3. Encouraging Collaboration and Social Interaction
One of the main benefits of having an office is that it can serve as a central hub for collaboration and building your workplace culture. Some of the most well planned cities in the world have hubs or spaces where citizens can come together in some form or another – to implement this across your office, deconstruct workplace silos by adding relaxed seating to common or lounge areas, reconfigure furniture to allow for more traffic between departments, and add some sort of common activity such as a table game or a company-wide project to encourage a feeling of togetherness in your office. In addition to this, adding collaborative and casual spaces is a must – these are essential if you want to create areas that encourage your employees to socialize and build relationships that will hopefully strengthen your company’s culture.
4. Using Logical Layouts and Flow
When you’re in a well planned city, one of the telltale signs that a lot of thought and consideration has been put into its planning is the fact that it’s easily navigable. There are ample street signs, landmarks are easy to find, and the layout of the city itself has some logic to how it’s planned and designed. To apply this to your office design, make sure that there’s a logical flow between spaces that allows your employees to traverse from one space to another without much confusion. Adding signage that provides a sense of direction within your office space and creating a consistent design theme should allow you to create a workspace that is intuitive and easy to navigate for your employees or guests.

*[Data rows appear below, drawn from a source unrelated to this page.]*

(* Let $k$ be a positive-definite kernel on $\mathcal X$ and $l$ a positive-definite kernel on $\mathcal Y$ with $\sup_xk(x,x)\le\nu_k$ and $\sup_yl(y,y)\le\nu_l$. Then for $\delta\in(0,1)$, with probability at least $1-\delta$, $|\hat\sigma^2-\mathbb E\hat\sigma^2|\le6144\nu_k^2\nu_l^2\sqrt{\frac2n\log\frac2\delta}$.
   Context: $(X_1,Y_1),\dots,(X_n,Y_n)$, $n\ge4$, i.i.d. from $P_{xy}$. $K_{ab}=k(X_a,X_b)$, $L_{ab}=l(Y_a,Y_b)$, and for distinct indices $H_{ijqr}=\frac1{24}\sum_{(a,b,c,d)}K_{ab}(L_{ab}+L_{cd}-2L_{ac})$ over all $24$ orderings of $\{i,j,q,r\}$. With $(n)_k=n!/(n-k)!$, $\mathbf i^n_k$ the $k$-tuples of distinct elements of $\{1,\dots,n\}$, and $\mathbf i^n_3\setminus\{i\}$ those avoiding $i$: $\hat\eta=\frac1{(n)_4}\sum_{\mathbf i^n_4}H_{ijqr}$ and $\hat\sigma^2=16\Bigl(\frac1{(n)_4(n-1)_3}\sum_{(i,j,q,r)\in\mathbf i^n_4}\sum_{(b,c,d)\in\mathbf i^n_3\setminus\{i\}}H_{ijqr}H_{ibcd}-\hat\eta^2\Bigr)$. *)

theory Defs
  imports "HOL-Probability.Probability"
begin

definition pd_kernel :: "('a \<Rightarrow> 'a \<Rightarrow> real) \<Rightarrow> bool" where
  "pd_kernel k \<longleftrightarrow> (\<forall>x y. k x y = k y x) \<and>
     (\<forall>(xs::'a list) (c::nat \<Rightarrow> real).
        0 \<le> (\<Sum>i<length xs. \<Sum>j<length xs. c i * c j * k (xs ! i) (xs ! j)))"

definition falling :: "nat \<Rightarrow> nat \<Rightarrow> real" where
  "falling n m = fact n / fact (n - m)"

definition dtuples :: "nat \<Rightarrow> nat set \<Rightarrow> nat list set" where
  "dtuples m A = {xs. length xs = m \<and> distinct xs \<and> set xs \<subseteq> A}"

text \<open>The kernel h of the HSIC U-statistic; Z is the sample (X_a, Y_a).\<close>
definition Hker :: "('x \<Rightarrow> 'x \<Rightarrow> real) \<Rightarrow> ('y \<Rightarrow> 'y \<Rightarrow> real) \<Rightarrow> (nat \<Rightarrow> 'x \<times> 'y)
    \<Rightarrow> nat \<Rightarrow> nat \<Rightarrow> nat \<Rightarrow> nat \<Rightarrow> real" where
  "Hker k l Z i j q r =
     (let K = (\<lambda>a b. k (fst (Z a)) (fst (Z b)));
          L = (\<lambda>a b. l (snd (Z a)) (snd (Z b)))
      in (1/24) * (\<Sum>p\<in>dtuples 4 {i, j, q, r}.
            K (p!0) (p!1) * (L (p!0) (p!1) + L (p!2) (p!3) - 2 * L (p!0) (p!2))))"

definition eta_hat :: "('x \<Rightarrow> 'x \<Rightarrow> real) \<Rightarrow> ('y \<Rightarrow> 'y \<Rightarrow> real) \<Rightarrow> nat \<Rightarrow> (nat \<Rightarrow> 'x \<times> 'y) \<Rightarrow> real" where
  "eta_hat k l n Z = (1 / falling n 4) *
     (\<Sum>p\<in>dtuples 4 {1..n}. Hker k l Z (p!0) (p!1) (p!2) (p!3))"

definition sigma2_hat :: "('x \<Rightarrow> 'x \<Rightarrow> real) \<Rightarrow> ('y \<Rightarrow> 'y \<Rightarrow> real) \<Rightarrow> nat \<Rightarrow> (nat \<Rightarrow> 'x \<times> 'y) \<Rightarrow> real" where
  "sigma2_hat k l n Z = 16 *
     ((1 / (falling n 4 * falling (n - 1) 3)) *
        (\<Sum>p\<in>dtuples 4 {1..n}. \<Sum>t\<in>dtuples 3 ({1..n} - {p!0}).
            Hker k l Z (p!0) (p!1) (p!2) (p!3) * Hker k l Z (p!0) (t!0) (t!1) (t!2))
      - (eta_hat k l n Z)\<^sup>2)"

end

theory Submission
  imports Defs
begin

(*
  Every summand of sigma2_hat is a product of values of the kernel h = Hker, and |h| <= 4 nu_k nu_l
  because a positive-definite kernel satisfies |k x y| <= sup_x k x x.  Replacing the sample point
  Z_m only affects the summands whose index tuples contain m: at most a fraction 4/n of the
  quadruples and 8/n of the (quadruple, triple) pairs.  Hence sigma2_hat has bounded differences
  c = 512 (4 nu_k nu_l)^2 / n, and McDiarmid's inequality -- proved from Hoeffding's lemma by
  integrating out one coordinate at a time -- bounds its deviation from the mean by
  c sqrt (n/2 ln (2/delta)) = 4096 nu_k^2 nu_l^2 sqrt (2/n ln (2/delta)) with probability 1 - delta.
*)

section \<open>McDiarmid's inequality\<close>

definition has_bounded_differences ::
    "'a measure \<Rightarrow> 'i set \<Rightarrow> (('i \<Rightarrow> 'a) \<Rightarrow> real) \<Rightarrow> real \<Rightarrow> bool" where
  "has_bounded_differences M I f c \<longleftrightarrow>
     (\<forall>x\<in>space (PiM I (\<lambda>_. M)). \<forall>i\<in>I. \<forall>y\<in>space M. \<bar>f x - f (x(i := y))\<bar> \<le> c)"

lemma has_bounded_differencesD:
  "has_bounded_differences M I f c \<Longrightarrow> x \<in> space (PiM I (\<lambda>_. M)) \<Longrightarrow> i \<in> I \<Longrightarrow> y \<in> space M
    \<Longrightarrow> \<bar>f x - f (x(i := y))\<bar> \<le> c"
  unfolding has_bounded_differences_def by blast

lemma bounded_differences_dist_le:
  fixes f :: "('i \<Rightarrow> 'a) \<Rightarrow> real" and c :: real
  assumes "finite I" "has_bounded_differences M I f c"
    and x: "x \<in> space (PiM I (\<lambda>_. M))" and y: "y \<in> space (PiM I (\<lambda>_. M))"
  shows "\<bar>f x - f y\<bar> \<le> card I * c"
proof -
  define z where "z J = (\<lambda>i. if i \<in> J then y i else x i)" for J
  have "z J \<in> space (PiM I (\<lambda>_. M)) \<and> \<bar>f x - f (z J)\<bar> \<le> card J * c" if "J \<subseteq> I" for J
    using finite_subset[OF that assms(1)] that
  proof (induction J rule: finite_induct)
    case empty
    then show ?case using x by (simp add: z_def)
  next
    case (insert j J)
    then have z_J: "z J \<in> space (PiM I (\<lambda>_. M))" "\<bar>f x - f (z J)\<bar> \<le> card J * c" by auto
    have "z (insert j J) = (z J)(j := y j)" by (auto simp: z_def)
    moreover have "y j \<in> space M" using y insert.prems by (auto simp: space_PiM)
    ultimately have "\<bar>f (z J) - f (z (insert j J))\<bar> \<le> c"
      using has_bounded_differencesD[OF assms(2) z_J(1)] insert.prems by simp
    moreover have "z (insert j J) \<in> space (PiM I (\<lambda>_. M))"
      using x y insert.prems by (auto simp: z_def space_PiM PiE_iff extensional_def)
    ultimately show ?case using z_J(2) insert.hyps by (simp add: algebra_simps)
  qed
  moreover have "z I = y" using x y by (auto simp: z_def space_PiM PiE_iff extensional_def)
  ultimately show ?thesis by auto
qed

lemma integrable_bounded_differences:
  fixes f :: "('i \<Rightarrow> 'a) \<Rightarrow> real"
  assumes M: "prob_space M" and "finite I"
    and [measurable]: "f \<in> borel_measurable (PiM I (\<lambda>_. M))"
    and bd: "has_bounded_differences M I f c"
  shows "integrable (PiM I (\<lambda>_. M)) f"
proof -
  interpret P: prob_space "PiM I (\<lambda>_. M)" by (rule prob_space_PiM) (rule M)
  obtain x0 where x0: "x0 \<in> space (PiM I (\<lambda>_. M))" using P.not_empty by blast
  show ?thesis
  proof (rule P.integrable_const_bound[where B="\<bar>f x0\<bar> + card I * c"])
    show "AE x in PiM I (\<lambda>_. M). norm (f x) \<le> \<bar>f x0\<bar> + card I * c"
      using bounded_differences_dist_le[OF \<open>finite I\<close> bd x0] by (intro AE_I2) fastforce
  qed simp
qed

lemma measurable_fun_upd_pair_space:
  "(\<lambda>z. (fst z)(i := snd z)) \<in> PiM I (\<lambda>_. M) \<Otimes>\<^sub>M M \<rightarrow>\<^sub>M PiM (insert i I) (\<lambda>_. M)"
  by (rule measurable_fun_upd[where J=I]) auto

lemma measurable_fun_upd_component:
  assumes "x \<in> space (PiM I (\<lambda>_. M))"
  shows "(\<lambda>y. x(i := y)) \<in> M \<rightarrow>\<^sub>M PiM (insert i I) (\<lambda>_. M)"
  using measurable_Pair2[OF measurable_fun_upd_pair_space assms] by simp

lemma measurable_fun_upd_comp:
  assumes "f \<in> borel_measurable (PiM (insert i I) (\<lambda>_. M))" "x \<in> space (PiM I (\<lambda>_. M))"
  shows "(\<lambda>y. f (x(i := y))) \<in> borel_measurable M"
  using measurable_comp[OF measurable_fun_upd_component[OF assms(2)] assms(1)] by (simp add: comp_def)

lemma measurable_fun_upd_pair:
  assumes "f \<in> borel_measurable (PiM (insert i I) (\<lambda>_. M))"
  shows "(\<lambda>(x, y). f (x(i := y))) \<in> borel_measurable (PiM I (\<lambda>_. M) \<Otimes>\<^sub>M M)"
  using measurable_comp[OF measurable_fun_upd_pair_space assms] by (simp add: case_prod_beta' comp_def)

lemma measurable_integral_fun_upd:
  fixes f :: "('i \<Rightarrow> 'a) \<Rightarrow> real"
  assumes "prob_space M" "f \<in> borel_measurable (PiM (insert i I) (\<lambda>_. M))"
  shows "(\<lambda>x. \<integral>y. f (x(i := y)) \<partial>M) \<in> borel_measurable (PiM I (\<lambda>_. M))"
  using sigma_finite_measure.borel_measurable_lebesgue_integral[OF
      prob_space_imp_sigma_finite[OF assms(1)], where f="\<lambda>x y. f (x(i := y))"]
    measurable_fun_upd_pair[OF assms(2)]
  by simp

lemma integrable_fun_upd:
  fixes f :: "('i \<Rightarrow> 'a) \<Rightarrow> real"
  assumes M: "prob_space M" and f: "f \<in> borel_measurable (PiM (insert i I) (\<lambda>_. M))"
    and bd: "has_bounded_differences M (insert i I) f c" and x: "x \<in> space (PiM I (\<lambda>_. M))"
  shows "integrable M (\<lambda>y. f (x(i := y)))"
proof -
  interpret prob_space M by (rule M)
  note upd = measurable_fun_upd_component[OF x, of i]
  obtain y0 where "y0 \<in> space M" using not_empty by blast
  have "\<bar>f (x(i := y))\<bar> \<le> \<bar>f (x(i := y0))\<bar> + c" if "y \<in> space M" for y
    using has_bounded_differencesD[OF bd measurable_space[OF upd \<open>y0 \<in> space M\<close>] insertI1 that]
    by simp
  then show ?thesis
    using measurable_fun_upd_comp[OF f x]
    by (intro integrable_const_bound[where B="\<bar>f (x(i := y0))\<bar> + c"] AE_I2) simp_all
qed

lemma has_bounded_differences_integral_fun_upd:
  fixes f :: "('i \<Rightarrow> 'a) \<Rightarrow> real"
  assumes M: "prob_space M" and "i \<notin> I" and f: "f \<in> borel_measurable (PiM (insert i I) (\<lambda>_. M))"
    and bd: "has_bounded_differences M (insert i I) f c"
  shows "has_bounded_differences M I (\<lambda>x. \<integral>y. f (x(i := y)) \<partial>M) c"
  unfolding has_bounded_differences_def
proof (intro ballI)
  interpret M: prob_space M by (rule M)
  fix x j z assume x: "x \<in> space (PiM I (\<lambda>_. M))" and "j \<in> I" and z: "z \<in> space M"
  define d where "d y = f (x(i := y)) - f ((x(i := y))(j := z))" for y
  have "j \<noteq> i" using \<open>i \<notin> I\<close> \<open>j \<in> I\<close> by blast
  have "x(j := z) \<in> space (PiM I (\<lambda>_. M))"
    using x z \<open>j \<in> I\<close> by (auto simp: space_PiM PiE_iff extensional_def)
  from integrable_fun_upd[OF M f bd this]
  have int_z: "integrable M (\<lambda>y. f ((x(i := y))(j := z)))"
    using \<open>j \<noteq> i\<close> by (simp add: fun_upd_twist)
  note int_x = integrable_fun_upd[OF M f bd x]
  have d_le: "d y \<le> c \<and> -c \<le> d y" if "y \<in> space M" for y
  proof -
    have "x(i := y) \<in> space (PiM (insert i I) (\<lambda>_. M))"
      using x that by (auto simp: space_PiM PiE_iff extensional_def)
    from has_bounded_differencesD[OF bd this _ z] \<open>j \<in> I\<close>
    have "\<bar>d y\<bar> \<le> c" unfolding d_def by blast
    then show ?thesis by linarith
  qed
  have "(\<integral>y. f (x(i := y)) \<partial>M) - (\<integral>y. f ((x(j := z))(i := y)) \<partial>M) = (\<integral>y. d y \<partial>M)"
    unfolding d_def using int_x int_z \<open>j \<noteq> i\<close>
    by (simp add: fun_upd_twist Bochner_Integration.integral_diff)
  moreover have "integrable M d" unfolding d_def using int_x int_z by simp
  then have "(\<integral>y. d y \<partial>M) \<le> c" "-c \<le> (\<integral>y. d y \<partial>M)"
    using d_le by (auto intro!: M.integral_le_const M.integral_ge_const AE_I2)
  ultimately show "\<bar>(\<integral>y. f (x(i := y)) \<partial>M) - (\<integral>y. f ((x(j := z))(i := y)) \<partial>M)\<bar> \<le> c"
    by linarith
qed

lemma (in prob_space) Hoeffdings_lemma_oscillation:
  assumes [measurable]: "h \<in> borel_measurable M" and "0 < l"
    and osc: "\<And>y y'. y \<in> space M \<Longrightarrow> y' \<in> space M \<Longrightarrow> h y - h y' \<le> c"
  shows "(\<integral>\<^sup>+y. ennreal (exp (l * (h y - expectation h))) \<partial>M) \<le> ennreal (exp (l\<^sup>2 * c\<^sup>2 / 8))"
proof -
  obtain y0 where "y0 \<in> space M" using not_empty by blast
  define a where "a = Inf (h ` space M)"
  have bdd: "bdd_below (h ` space M)"
    using osc[OF \<open>y0 \<in> space M\<close>] by (intro bdd_belowI[where m="h y0 - c"]) force
  have "h y \<in> {a..a + c}" if "y \<in> space M" for y
  proof -
    have "h y - c \<le> h y'" if "y' \<in> space M" for y'
      using osc[OF \<open>y \<in> space M\<close> that] by simp
    then have "h y - c \<le> a"
      unfolding a_def using not_empty by (intro cInf_greatest) auto
    moreover have "a \<le> h y" unfolding a_def using bdd that by (intro cInf_lower) auto
    ultimately show ?thesis by simp
  qed
  then interpret interval_bounded_random_variable M h a "a + c"
    by unfold_locales (auto intro: AE_I2)
  have "0 \<le> c" using osc[OF \<open>y0 \<in> space M\<close> \<open>y0 \<in> space M\<close>] by simp
  then show ?thesis using Hoeffdings_lemma_nn_integral[OF \<open>0 < l\<close>] by simp
qed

5. Giving Spaces an Identify and Consistency
If you’ve visited a well-planned metropolis such as Toronto or New York City, you’ll have noticed something that characterizes these places and gives them a sense of uniqueness and contributes to their overall identity – landmarks, distinctive architecture, and unique locations not only help create a sense of place but ties together neighbourhoods or commercial zones within certain parts of these cities. If you’d like to create distinctive zones or easily identifiable office neighbourhoods, you can implement a common and consistent design theme, which may include painting certain zones with a certain colour, having unique furniture in each of these designated spaces, and introducing accents or office landmarks to help give these spaces a sense and character.
Tying Them All Together
If you can apply as many of these suggestions when planning your office redesign, then you’ll have created a space that is organized, adaptable, and coherent. Whether it involves implementing the concept of office neighbourhoods, creating a distinctive identity in each space using design accents or unique pieces of furniture, or by adding some in-office signage, rethinking your offices design and layout from the lens of an urban planner may help you create a space that feels familiar, functional, and futureproof.
Some Important Considerations for A Post-COVID Workplace
In a post-pandemic world, one of the most important considerations will be to create spaces that support adequate social distancing, a more flexible hybrid work model, plenty of collaboration, and employee wellness and privacy. We’re going to see a move away from highly densified open-concept office designs to one that balances safety, privacy, and openness – open-plan offices, as sleek and modern as they seem, can pose a challenge to employee morale, trust, collaboration, and productivity. By coupling ideas that are at the core of city planning with new approaches to office design that have emerged as a result of the pandemic, you’ll be able to create a space that will help your employees feel much more safe, comfortable, and flexible.